» What needs to be done:
Would you copy each line of the data below that has "cases"?

Collected data entries:
========================================================================

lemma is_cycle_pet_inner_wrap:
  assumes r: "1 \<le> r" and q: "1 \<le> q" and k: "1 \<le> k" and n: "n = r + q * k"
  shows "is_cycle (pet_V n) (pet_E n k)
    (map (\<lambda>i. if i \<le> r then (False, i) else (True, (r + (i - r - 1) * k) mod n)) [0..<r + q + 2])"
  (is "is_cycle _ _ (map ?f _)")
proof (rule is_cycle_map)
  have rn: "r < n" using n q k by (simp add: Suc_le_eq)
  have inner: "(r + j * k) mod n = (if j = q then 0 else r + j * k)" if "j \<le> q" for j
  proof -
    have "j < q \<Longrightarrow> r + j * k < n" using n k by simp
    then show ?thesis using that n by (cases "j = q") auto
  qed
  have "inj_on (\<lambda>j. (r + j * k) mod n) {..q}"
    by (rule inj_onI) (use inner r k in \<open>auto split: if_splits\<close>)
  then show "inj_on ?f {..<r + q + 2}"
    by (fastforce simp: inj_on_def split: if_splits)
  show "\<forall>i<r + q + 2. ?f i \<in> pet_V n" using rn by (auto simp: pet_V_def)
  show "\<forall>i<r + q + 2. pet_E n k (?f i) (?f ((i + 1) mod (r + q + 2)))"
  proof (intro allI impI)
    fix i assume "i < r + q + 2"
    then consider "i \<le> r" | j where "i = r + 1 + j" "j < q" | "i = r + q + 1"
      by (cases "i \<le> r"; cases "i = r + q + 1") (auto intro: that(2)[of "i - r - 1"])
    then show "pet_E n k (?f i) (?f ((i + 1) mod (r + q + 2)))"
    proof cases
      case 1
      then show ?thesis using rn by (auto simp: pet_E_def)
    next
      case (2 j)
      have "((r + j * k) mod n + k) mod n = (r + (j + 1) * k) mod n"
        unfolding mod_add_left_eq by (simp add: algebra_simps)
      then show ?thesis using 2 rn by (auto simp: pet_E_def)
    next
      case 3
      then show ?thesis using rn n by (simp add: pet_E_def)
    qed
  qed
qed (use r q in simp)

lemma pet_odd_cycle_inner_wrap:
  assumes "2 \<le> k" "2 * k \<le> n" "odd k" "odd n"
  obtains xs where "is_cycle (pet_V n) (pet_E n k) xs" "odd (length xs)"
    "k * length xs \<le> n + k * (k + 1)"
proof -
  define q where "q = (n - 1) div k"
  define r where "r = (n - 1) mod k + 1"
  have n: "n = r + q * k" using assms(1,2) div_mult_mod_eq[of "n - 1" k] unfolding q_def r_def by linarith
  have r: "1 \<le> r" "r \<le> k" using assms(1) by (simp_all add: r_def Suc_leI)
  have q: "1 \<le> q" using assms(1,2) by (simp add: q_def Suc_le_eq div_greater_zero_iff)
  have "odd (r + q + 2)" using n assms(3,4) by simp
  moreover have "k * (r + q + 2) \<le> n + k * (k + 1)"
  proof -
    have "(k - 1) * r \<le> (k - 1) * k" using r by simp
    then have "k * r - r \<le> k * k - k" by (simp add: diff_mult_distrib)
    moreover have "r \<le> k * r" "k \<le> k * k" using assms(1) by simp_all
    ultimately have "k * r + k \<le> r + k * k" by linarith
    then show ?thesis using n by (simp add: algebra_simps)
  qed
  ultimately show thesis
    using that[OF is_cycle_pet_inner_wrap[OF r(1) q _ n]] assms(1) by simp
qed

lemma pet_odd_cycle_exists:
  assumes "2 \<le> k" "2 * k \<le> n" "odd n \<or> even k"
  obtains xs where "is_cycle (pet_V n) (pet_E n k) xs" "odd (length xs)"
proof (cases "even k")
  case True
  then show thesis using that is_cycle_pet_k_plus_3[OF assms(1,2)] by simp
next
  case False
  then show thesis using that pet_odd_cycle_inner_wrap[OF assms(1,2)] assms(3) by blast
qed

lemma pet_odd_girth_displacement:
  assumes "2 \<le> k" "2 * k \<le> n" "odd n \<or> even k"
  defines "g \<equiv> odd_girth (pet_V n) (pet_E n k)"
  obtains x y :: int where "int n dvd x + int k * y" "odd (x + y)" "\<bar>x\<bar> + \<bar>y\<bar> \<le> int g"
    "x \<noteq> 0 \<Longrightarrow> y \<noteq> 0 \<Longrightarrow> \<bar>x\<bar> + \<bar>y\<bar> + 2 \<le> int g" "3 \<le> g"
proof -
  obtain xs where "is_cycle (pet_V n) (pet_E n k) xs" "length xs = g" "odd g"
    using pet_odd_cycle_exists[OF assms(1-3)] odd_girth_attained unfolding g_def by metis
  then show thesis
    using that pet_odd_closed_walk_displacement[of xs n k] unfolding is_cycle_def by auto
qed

========================================================================

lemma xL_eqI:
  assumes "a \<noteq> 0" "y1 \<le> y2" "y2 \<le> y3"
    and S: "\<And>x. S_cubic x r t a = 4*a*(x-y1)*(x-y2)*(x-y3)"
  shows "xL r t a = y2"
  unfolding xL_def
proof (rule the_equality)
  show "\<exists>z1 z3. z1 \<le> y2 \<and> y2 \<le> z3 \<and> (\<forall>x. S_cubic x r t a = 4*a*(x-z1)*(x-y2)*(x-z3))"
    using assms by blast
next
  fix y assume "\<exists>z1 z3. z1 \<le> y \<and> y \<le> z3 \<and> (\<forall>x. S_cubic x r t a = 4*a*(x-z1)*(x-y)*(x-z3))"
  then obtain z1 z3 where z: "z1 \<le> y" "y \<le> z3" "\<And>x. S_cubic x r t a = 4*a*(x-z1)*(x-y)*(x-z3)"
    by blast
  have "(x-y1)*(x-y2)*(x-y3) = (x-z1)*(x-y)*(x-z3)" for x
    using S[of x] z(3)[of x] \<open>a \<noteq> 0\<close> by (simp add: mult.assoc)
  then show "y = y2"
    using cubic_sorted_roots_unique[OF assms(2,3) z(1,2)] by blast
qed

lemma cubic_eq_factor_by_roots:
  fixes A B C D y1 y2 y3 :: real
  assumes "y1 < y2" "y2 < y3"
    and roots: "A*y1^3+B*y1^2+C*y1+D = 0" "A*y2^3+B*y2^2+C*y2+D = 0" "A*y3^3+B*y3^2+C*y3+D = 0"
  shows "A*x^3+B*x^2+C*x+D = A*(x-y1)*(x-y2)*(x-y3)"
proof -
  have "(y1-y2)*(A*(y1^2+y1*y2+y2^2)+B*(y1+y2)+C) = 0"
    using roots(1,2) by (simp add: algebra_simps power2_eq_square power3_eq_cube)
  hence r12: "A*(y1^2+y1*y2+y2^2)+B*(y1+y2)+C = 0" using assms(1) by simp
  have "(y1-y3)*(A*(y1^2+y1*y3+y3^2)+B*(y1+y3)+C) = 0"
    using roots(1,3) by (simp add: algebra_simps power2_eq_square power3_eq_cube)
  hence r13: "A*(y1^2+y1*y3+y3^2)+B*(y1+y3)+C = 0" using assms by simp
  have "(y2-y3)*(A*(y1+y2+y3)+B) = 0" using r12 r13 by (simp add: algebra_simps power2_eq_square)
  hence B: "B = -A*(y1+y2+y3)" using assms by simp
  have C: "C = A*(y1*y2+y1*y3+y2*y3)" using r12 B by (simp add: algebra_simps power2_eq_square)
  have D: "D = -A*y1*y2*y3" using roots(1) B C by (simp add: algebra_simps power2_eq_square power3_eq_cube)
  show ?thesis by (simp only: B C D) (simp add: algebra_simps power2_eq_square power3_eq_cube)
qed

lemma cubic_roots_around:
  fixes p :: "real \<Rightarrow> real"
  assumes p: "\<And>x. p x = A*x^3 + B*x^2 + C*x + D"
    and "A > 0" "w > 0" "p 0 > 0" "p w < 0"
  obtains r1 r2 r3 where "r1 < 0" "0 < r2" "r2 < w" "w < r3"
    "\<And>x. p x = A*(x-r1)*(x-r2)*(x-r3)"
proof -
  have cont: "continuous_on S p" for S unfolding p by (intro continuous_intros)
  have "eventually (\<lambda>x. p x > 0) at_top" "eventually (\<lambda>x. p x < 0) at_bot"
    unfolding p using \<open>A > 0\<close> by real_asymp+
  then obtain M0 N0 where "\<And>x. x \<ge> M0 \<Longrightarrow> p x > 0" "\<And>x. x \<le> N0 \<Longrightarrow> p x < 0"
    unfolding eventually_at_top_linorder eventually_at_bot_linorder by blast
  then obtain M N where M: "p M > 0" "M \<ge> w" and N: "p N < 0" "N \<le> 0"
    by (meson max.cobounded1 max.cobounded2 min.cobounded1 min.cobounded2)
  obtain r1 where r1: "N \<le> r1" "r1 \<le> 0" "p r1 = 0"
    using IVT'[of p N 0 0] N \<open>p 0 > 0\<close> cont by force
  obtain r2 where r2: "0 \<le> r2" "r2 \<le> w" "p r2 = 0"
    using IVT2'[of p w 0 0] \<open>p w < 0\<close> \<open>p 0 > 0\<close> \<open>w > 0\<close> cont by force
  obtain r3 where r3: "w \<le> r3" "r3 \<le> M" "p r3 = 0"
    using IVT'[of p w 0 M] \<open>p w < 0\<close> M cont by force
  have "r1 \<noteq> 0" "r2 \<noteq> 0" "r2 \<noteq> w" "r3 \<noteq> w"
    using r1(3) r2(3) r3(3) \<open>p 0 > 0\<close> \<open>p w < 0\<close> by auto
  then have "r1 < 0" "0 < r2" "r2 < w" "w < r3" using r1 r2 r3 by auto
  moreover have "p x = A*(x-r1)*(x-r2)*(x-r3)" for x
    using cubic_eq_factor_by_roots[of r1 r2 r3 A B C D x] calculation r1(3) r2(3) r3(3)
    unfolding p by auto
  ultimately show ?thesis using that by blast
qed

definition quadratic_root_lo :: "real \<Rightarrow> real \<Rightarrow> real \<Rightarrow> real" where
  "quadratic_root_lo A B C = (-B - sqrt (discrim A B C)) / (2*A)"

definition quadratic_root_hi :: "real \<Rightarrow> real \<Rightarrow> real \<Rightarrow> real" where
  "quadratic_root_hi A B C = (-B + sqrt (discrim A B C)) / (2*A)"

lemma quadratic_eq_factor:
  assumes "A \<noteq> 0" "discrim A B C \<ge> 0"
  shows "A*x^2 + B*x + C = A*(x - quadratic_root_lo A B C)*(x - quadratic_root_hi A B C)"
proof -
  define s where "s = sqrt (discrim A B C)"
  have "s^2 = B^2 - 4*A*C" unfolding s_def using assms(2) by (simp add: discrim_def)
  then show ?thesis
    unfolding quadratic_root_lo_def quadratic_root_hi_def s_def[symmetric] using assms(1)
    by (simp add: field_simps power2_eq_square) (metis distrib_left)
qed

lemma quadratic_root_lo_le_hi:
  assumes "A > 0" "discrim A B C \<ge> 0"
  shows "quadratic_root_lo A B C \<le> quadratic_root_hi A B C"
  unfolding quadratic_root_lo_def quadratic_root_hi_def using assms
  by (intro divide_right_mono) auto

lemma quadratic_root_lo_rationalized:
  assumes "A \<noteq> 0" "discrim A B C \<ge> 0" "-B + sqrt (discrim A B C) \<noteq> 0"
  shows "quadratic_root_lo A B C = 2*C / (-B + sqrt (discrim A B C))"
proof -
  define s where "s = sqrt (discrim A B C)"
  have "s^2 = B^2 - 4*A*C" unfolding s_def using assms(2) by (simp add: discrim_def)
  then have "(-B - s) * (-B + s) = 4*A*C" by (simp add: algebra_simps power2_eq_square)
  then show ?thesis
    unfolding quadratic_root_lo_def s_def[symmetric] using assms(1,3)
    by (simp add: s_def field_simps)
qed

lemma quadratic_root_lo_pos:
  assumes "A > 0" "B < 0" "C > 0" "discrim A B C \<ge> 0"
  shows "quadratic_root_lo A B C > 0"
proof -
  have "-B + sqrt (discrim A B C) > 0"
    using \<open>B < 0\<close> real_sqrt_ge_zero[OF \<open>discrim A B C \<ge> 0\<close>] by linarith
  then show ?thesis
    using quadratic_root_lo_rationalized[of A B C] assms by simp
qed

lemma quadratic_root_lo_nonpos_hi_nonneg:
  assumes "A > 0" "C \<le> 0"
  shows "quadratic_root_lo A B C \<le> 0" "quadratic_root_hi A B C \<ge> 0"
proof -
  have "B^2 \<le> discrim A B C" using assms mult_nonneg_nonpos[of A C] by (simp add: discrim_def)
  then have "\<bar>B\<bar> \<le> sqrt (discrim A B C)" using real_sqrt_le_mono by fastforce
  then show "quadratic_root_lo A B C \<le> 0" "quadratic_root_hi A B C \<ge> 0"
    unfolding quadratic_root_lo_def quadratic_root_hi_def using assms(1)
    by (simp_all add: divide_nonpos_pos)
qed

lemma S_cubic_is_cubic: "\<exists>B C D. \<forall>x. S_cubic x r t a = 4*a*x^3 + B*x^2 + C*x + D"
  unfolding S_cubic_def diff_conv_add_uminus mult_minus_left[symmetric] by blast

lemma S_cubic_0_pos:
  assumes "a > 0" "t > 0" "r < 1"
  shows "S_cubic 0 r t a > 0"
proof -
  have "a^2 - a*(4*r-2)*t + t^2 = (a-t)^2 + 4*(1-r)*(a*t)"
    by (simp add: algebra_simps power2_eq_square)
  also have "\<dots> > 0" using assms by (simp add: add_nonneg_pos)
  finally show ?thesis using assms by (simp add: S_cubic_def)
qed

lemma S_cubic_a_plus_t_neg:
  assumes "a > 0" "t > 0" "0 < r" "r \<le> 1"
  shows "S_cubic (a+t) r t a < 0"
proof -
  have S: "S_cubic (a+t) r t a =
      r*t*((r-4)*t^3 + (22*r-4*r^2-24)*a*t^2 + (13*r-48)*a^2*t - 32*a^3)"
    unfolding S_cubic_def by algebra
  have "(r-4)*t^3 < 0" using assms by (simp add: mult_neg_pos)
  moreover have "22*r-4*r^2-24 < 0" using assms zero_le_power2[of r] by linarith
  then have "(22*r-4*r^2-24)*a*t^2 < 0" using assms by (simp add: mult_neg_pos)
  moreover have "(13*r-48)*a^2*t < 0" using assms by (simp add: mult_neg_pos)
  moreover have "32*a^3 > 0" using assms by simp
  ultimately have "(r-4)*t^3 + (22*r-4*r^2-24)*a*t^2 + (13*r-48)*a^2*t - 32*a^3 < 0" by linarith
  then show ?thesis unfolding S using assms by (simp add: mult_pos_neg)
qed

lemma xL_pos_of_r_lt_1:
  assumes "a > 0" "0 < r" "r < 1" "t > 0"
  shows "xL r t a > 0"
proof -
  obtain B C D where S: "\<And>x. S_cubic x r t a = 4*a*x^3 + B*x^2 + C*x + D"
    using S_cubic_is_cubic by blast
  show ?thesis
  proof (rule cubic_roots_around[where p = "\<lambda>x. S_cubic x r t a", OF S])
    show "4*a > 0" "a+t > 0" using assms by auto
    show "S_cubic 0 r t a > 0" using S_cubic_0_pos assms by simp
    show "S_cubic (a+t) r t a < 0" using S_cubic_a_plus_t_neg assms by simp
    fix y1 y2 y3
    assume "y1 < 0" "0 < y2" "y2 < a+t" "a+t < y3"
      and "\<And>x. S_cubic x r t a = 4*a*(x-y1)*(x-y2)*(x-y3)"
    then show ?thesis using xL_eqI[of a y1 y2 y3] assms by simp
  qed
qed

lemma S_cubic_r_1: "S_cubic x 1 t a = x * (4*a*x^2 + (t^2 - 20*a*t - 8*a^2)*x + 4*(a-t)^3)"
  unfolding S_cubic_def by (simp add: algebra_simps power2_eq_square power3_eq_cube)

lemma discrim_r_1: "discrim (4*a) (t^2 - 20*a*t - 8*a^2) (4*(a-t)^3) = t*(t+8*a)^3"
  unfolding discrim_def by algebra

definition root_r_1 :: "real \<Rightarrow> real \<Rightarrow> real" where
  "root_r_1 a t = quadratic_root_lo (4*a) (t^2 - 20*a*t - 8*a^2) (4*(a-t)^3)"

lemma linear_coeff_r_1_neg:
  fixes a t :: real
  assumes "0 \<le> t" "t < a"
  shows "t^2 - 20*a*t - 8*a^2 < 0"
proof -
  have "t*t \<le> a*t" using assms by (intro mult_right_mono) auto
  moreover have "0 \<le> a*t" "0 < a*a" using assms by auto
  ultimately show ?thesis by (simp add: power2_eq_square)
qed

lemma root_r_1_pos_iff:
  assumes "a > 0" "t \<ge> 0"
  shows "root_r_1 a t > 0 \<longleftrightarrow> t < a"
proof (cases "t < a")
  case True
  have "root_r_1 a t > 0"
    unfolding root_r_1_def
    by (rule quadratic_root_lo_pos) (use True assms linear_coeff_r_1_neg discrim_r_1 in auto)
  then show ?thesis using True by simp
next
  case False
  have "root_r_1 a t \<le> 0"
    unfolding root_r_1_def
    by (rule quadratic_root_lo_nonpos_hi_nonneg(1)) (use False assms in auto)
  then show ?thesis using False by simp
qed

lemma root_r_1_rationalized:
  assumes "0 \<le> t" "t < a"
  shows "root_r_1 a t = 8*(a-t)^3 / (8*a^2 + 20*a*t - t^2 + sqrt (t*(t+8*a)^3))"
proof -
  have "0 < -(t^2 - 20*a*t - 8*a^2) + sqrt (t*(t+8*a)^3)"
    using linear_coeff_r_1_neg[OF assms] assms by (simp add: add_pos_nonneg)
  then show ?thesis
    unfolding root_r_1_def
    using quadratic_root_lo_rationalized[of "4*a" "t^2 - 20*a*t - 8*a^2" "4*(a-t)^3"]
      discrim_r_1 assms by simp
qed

========================================================================

» Exercise answer:
    then show ?thesis using that n by (cases "j = q") auto
      by (cases "i \<le> r"; cases "i = r + q + 1") (auto intro: that(2)[of "i - r - 1"])
    proof cases
proof (cases "even k")
proof (cases "t < a")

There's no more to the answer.